[[ Information provided open ]]

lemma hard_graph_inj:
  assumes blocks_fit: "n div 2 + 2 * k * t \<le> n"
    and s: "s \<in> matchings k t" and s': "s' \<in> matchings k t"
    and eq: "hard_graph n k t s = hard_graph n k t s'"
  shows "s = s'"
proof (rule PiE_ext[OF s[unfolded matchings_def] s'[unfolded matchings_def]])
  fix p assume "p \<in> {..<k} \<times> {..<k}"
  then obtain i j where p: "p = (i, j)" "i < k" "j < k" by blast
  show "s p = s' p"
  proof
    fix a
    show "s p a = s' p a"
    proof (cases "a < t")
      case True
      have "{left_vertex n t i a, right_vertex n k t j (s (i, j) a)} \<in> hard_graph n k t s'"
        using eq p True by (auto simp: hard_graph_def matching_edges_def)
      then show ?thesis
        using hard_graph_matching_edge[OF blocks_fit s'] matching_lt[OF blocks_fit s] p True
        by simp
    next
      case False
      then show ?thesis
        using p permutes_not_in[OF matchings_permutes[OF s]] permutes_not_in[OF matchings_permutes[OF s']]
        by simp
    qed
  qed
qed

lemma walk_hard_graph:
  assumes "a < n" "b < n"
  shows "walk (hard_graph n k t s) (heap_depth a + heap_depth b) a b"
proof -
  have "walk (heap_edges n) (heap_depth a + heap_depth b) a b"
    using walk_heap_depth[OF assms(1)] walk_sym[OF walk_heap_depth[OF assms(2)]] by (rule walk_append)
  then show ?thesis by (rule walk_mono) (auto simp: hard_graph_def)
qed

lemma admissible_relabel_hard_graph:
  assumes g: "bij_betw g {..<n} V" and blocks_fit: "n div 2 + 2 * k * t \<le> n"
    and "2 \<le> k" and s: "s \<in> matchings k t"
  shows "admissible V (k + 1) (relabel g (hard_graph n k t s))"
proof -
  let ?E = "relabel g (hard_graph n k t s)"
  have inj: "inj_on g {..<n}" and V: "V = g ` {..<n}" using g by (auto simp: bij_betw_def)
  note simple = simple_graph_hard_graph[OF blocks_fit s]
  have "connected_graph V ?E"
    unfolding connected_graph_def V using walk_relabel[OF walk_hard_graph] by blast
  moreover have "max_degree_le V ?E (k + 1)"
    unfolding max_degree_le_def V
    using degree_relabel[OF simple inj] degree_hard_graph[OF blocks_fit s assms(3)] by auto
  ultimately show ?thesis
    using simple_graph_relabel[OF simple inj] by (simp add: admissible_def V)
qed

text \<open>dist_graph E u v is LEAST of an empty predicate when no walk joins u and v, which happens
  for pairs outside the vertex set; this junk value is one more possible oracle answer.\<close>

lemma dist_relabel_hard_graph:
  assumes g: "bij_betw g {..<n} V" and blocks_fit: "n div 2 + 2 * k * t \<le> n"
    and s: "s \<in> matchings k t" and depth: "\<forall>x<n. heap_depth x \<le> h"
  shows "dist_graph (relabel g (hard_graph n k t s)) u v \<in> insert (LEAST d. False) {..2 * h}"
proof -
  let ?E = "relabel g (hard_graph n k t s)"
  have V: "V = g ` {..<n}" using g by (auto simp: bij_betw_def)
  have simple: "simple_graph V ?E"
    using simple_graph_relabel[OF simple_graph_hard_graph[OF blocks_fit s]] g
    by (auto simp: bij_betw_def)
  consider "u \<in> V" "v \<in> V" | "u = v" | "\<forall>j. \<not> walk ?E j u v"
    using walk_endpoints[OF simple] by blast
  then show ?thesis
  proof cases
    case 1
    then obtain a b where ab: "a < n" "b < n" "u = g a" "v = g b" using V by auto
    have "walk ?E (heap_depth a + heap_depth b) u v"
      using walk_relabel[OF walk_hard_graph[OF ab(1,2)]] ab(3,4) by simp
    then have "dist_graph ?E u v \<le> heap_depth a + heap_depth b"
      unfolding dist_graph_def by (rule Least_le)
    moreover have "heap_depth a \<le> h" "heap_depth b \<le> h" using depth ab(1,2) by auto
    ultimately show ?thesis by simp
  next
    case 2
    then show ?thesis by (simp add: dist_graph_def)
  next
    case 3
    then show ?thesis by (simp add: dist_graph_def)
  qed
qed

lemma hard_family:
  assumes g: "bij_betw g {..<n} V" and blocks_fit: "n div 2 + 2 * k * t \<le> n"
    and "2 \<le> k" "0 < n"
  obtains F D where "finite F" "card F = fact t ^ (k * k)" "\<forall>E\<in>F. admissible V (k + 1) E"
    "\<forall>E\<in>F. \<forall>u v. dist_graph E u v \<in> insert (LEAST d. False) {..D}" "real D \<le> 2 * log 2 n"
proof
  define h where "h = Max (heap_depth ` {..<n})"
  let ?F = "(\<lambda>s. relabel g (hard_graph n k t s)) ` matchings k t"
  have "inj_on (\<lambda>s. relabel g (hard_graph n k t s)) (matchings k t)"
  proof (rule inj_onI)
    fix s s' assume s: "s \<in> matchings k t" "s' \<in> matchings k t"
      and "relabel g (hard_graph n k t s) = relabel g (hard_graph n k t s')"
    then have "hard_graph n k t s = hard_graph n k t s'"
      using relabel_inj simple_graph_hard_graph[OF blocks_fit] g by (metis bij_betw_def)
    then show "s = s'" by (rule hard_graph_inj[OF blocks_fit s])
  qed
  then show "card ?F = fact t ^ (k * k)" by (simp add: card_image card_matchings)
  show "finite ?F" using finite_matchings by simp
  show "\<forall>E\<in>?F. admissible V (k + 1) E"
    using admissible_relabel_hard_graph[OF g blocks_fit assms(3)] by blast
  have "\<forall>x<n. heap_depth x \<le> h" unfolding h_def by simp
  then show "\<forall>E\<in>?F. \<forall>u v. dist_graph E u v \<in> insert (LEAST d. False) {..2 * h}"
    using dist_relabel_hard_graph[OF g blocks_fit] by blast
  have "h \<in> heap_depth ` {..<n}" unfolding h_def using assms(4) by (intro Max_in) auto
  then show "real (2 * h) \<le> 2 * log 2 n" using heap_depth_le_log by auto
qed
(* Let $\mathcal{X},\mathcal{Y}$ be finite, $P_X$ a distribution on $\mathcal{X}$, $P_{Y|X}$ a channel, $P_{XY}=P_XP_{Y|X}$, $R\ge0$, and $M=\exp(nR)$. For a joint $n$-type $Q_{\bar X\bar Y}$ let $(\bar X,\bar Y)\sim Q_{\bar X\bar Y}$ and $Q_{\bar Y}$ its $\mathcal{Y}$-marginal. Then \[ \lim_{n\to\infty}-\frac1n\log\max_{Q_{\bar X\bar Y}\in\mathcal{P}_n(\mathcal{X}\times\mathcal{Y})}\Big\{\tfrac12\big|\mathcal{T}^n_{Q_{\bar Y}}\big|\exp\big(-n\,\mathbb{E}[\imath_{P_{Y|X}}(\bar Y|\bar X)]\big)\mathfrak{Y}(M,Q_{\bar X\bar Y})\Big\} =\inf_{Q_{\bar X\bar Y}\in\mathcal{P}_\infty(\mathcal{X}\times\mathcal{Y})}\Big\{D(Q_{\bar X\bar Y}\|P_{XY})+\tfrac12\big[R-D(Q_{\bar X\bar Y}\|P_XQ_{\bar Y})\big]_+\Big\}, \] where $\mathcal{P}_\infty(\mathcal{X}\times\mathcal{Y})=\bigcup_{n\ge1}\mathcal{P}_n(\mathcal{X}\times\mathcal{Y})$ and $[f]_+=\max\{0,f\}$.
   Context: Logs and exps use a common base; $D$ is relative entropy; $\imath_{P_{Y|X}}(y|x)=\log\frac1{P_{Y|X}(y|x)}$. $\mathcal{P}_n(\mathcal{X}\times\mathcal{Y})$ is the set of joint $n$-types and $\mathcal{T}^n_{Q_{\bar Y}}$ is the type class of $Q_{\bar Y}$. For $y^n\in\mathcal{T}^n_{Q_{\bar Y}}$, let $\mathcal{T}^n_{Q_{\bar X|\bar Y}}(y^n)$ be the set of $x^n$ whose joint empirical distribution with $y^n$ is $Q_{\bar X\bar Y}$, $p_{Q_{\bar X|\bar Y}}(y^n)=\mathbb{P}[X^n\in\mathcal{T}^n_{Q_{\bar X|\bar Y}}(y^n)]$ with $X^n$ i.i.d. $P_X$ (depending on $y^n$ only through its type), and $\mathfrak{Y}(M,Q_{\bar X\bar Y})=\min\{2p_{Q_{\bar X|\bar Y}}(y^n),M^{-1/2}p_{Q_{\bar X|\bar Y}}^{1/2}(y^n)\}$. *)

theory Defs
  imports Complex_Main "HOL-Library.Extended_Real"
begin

[[ Information provided closed ]]

### Task objective
All lines in the data above from the one with "using walk_endpoints[OF simple] by blast" through the one with "unfolding dist_graph_def by" must be repeated exactly, and no others.

### Reply
    using walk_endpoints[OF simple] by blast
  then show ?thesis
  proof cases
    case 1
    then obtain a b where ab: "a < n" "b < n" "u = g a" "v = g b" using V by auto
    have "walk ?E (heap_depth a + heap_depth b) u v"
      using walk_relabel[OF walk_hard_graph[OF ab(1,2)]] ab(3,4) by simp
    then have "dist_graph ?E u v \<le> heap_depth a + heap_depth b"
      unfolding dist_graph_def by (rule Least_le)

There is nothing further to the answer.